PROBLEM STATEMENT: Return exactly the lines of the records below, starting at the line that contains "k) = (\<Sum>k<d." and ending at the line that contains "(A * transpose_mat", with both of those lines kept.

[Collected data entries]
◇ ◇ ◇ ◇ ◇
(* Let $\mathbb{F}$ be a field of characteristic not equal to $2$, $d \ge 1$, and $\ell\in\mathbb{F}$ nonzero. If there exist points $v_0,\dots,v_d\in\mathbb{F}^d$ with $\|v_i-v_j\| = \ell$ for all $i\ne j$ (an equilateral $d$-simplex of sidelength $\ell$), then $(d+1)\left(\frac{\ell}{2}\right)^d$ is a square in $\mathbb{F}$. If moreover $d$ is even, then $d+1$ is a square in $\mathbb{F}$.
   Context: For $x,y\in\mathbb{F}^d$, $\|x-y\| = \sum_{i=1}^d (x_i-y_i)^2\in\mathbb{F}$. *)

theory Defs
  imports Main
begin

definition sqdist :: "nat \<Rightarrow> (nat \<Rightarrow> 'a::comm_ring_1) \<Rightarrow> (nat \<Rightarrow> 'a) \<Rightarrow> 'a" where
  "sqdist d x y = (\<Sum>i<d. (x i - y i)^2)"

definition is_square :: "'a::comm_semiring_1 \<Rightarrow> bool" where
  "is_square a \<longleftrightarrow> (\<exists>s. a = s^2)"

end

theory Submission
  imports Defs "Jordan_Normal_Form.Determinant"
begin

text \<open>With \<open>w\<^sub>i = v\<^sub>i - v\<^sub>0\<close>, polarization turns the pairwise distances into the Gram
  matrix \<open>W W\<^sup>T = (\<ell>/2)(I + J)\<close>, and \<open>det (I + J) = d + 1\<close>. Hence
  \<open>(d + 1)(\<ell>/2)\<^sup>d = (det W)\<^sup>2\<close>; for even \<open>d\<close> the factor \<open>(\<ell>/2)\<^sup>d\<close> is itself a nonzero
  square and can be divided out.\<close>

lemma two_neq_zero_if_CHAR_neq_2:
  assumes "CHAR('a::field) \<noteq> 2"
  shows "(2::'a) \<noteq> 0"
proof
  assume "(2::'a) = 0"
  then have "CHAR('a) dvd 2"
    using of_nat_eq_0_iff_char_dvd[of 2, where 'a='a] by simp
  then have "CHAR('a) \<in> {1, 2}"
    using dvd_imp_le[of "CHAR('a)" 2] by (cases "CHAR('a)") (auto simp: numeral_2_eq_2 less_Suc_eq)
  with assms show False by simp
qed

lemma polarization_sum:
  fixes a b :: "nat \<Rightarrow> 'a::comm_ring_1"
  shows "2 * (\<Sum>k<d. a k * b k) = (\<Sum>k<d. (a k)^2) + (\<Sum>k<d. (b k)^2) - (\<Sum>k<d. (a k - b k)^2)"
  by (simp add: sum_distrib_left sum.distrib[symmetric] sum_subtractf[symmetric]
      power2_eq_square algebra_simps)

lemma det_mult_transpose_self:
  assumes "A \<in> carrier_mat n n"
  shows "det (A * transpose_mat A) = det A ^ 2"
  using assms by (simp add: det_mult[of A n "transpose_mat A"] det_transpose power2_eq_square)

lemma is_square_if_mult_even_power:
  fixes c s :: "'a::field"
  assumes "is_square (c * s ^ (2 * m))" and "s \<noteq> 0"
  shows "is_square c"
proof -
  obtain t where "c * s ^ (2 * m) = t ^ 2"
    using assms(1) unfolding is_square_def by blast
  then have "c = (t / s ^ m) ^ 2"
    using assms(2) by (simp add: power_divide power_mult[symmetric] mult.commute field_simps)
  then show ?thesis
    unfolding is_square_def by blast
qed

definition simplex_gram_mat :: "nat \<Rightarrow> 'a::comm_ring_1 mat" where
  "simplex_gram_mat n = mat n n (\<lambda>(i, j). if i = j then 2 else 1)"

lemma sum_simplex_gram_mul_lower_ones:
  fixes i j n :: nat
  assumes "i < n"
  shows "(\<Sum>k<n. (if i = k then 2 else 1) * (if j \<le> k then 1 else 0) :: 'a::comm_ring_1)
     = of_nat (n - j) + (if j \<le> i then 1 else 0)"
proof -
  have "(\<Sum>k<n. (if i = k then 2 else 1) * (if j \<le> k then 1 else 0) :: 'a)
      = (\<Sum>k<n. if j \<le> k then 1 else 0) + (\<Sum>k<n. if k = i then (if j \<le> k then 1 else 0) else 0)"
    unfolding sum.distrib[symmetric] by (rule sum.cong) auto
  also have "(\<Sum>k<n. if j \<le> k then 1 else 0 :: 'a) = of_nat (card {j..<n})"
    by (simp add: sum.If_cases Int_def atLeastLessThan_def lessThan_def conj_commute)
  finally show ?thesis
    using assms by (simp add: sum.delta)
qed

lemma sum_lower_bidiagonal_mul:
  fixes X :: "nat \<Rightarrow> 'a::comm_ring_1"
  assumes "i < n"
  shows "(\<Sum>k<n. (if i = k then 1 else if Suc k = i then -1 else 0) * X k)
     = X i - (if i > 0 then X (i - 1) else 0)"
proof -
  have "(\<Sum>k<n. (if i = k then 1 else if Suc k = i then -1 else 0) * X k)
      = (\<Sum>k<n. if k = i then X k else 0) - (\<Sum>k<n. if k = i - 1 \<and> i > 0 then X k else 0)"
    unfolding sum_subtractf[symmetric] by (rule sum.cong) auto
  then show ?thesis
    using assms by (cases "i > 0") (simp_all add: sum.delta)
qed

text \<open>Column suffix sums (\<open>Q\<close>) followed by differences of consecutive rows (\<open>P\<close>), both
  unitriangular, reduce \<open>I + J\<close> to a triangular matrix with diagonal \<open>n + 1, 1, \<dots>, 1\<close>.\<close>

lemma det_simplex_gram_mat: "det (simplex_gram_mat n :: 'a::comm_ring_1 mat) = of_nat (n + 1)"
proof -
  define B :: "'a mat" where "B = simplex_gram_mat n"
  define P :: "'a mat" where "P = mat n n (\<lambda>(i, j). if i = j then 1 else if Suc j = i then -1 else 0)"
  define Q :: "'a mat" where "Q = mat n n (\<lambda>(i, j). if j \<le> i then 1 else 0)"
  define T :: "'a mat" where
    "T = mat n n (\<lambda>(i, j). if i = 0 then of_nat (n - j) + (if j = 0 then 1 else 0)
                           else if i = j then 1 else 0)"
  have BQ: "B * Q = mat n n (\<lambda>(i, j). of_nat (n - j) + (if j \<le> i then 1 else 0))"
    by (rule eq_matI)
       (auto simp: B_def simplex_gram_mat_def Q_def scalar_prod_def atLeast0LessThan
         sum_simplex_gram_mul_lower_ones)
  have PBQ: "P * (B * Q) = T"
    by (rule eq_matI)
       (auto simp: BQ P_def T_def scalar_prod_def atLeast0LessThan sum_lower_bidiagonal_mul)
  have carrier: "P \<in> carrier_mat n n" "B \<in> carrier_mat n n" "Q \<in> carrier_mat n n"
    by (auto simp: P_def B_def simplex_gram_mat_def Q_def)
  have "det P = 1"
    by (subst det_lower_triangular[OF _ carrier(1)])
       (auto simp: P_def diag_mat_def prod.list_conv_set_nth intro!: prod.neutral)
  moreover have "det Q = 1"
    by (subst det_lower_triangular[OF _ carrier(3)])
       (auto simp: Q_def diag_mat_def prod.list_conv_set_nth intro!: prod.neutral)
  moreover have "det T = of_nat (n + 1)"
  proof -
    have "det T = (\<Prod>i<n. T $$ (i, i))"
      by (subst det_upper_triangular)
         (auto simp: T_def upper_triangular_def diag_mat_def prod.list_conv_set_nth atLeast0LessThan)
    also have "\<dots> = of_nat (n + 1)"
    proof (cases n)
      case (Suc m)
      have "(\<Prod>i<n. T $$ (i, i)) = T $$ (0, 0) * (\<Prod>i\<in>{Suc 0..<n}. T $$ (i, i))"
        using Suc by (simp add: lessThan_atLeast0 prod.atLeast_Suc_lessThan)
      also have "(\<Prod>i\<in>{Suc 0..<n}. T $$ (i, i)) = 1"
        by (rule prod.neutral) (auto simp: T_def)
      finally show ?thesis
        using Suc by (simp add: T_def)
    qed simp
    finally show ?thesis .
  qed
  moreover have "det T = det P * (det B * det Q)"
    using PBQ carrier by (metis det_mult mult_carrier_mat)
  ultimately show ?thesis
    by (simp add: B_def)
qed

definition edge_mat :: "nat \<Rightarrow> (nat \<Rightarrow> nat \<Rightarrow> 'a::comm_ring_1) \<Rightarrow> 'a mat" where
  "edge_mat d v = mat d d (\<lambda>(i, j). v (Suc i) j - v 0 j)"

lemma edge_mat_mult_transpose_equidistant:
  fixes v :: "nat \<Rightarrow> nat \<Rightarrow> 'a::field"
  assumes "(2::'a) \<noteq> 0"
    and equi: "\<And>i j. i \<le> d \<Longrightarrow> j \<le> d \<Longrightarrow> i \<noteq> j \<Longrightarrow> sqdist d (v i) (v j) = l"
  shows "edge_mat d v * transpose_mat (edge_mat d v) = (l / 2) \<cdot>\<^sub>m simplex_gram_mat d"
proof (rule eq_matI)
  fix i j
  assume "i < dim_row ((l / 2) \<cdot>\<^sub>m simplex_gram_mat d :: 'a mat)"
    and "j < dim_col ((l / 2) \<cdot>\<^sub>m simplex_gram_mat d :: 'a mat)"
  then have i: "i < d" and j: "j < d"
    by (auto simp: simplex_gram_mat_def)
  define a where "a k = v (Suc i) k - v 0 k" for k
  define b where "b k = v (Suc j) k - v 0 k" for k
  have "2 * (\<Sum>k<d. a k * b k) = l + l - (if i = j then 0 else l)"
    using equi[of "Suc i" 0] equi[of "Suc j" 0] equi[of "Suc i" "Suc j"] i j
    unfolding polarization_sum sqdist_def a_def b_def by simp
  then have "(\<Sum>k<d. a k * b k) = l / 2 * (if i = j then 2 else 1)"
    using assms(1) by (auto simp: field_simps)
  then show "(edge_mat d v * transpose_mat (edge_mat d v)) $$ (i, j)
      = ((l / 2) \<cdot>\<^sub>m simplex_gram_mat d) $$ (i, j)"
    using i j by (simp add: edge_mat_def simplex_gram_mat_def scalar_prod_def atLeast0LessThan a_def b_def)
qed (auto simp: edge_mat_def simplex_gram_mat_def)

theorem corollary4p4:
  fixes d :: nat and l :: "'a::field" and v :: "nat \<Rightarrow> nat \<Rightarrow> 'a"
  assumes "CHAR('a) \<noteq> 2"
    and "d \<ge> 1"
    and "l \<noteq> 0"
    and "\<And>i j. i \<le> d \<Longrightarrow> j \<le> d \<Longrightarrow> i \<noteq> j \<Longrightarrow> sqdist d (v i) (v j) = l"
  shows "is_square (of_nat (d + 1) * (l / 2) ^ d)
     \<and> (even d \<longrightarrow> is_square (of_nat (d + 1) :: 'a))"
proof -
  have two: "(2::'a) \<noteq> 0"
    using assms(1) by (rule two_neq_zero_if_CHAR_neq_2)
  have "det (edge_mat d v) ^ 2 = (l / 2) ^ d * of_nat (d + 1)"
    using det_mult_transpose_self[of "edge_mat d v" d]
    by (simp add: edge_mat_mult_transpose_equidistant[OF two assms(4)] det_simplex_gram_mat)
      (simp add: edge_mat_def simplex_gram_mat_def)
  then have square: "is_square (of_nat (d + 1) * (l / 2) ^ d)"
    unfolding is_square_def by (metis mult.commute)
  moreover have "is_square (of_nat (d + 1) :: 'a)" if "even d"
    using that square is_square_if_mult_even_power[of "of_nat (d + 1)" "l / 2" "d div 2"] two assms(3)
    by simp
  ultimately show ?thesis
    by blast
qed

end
◇ ◇ ◇ ◇ ◇
RESPONSE:
  shows "2 * (\<Sum>k<d. a k * b k) = (\<Sum>k<d. (a k)^2) + (\<Sum>k<d. (b k)^2) - (\<Sum>k<d. (a k - b k)^2)"
  by (simp add: sum_distrib_left sum.distrib[symmetric] sum_subtractf[symmetric]
      power2_eq_square algebra_simps)

lemma det_mult_transpose_self:
  assumes "A \<in> carrier_mat n n"
  shows "det (A * transpose_mat A) = det A ^ 2"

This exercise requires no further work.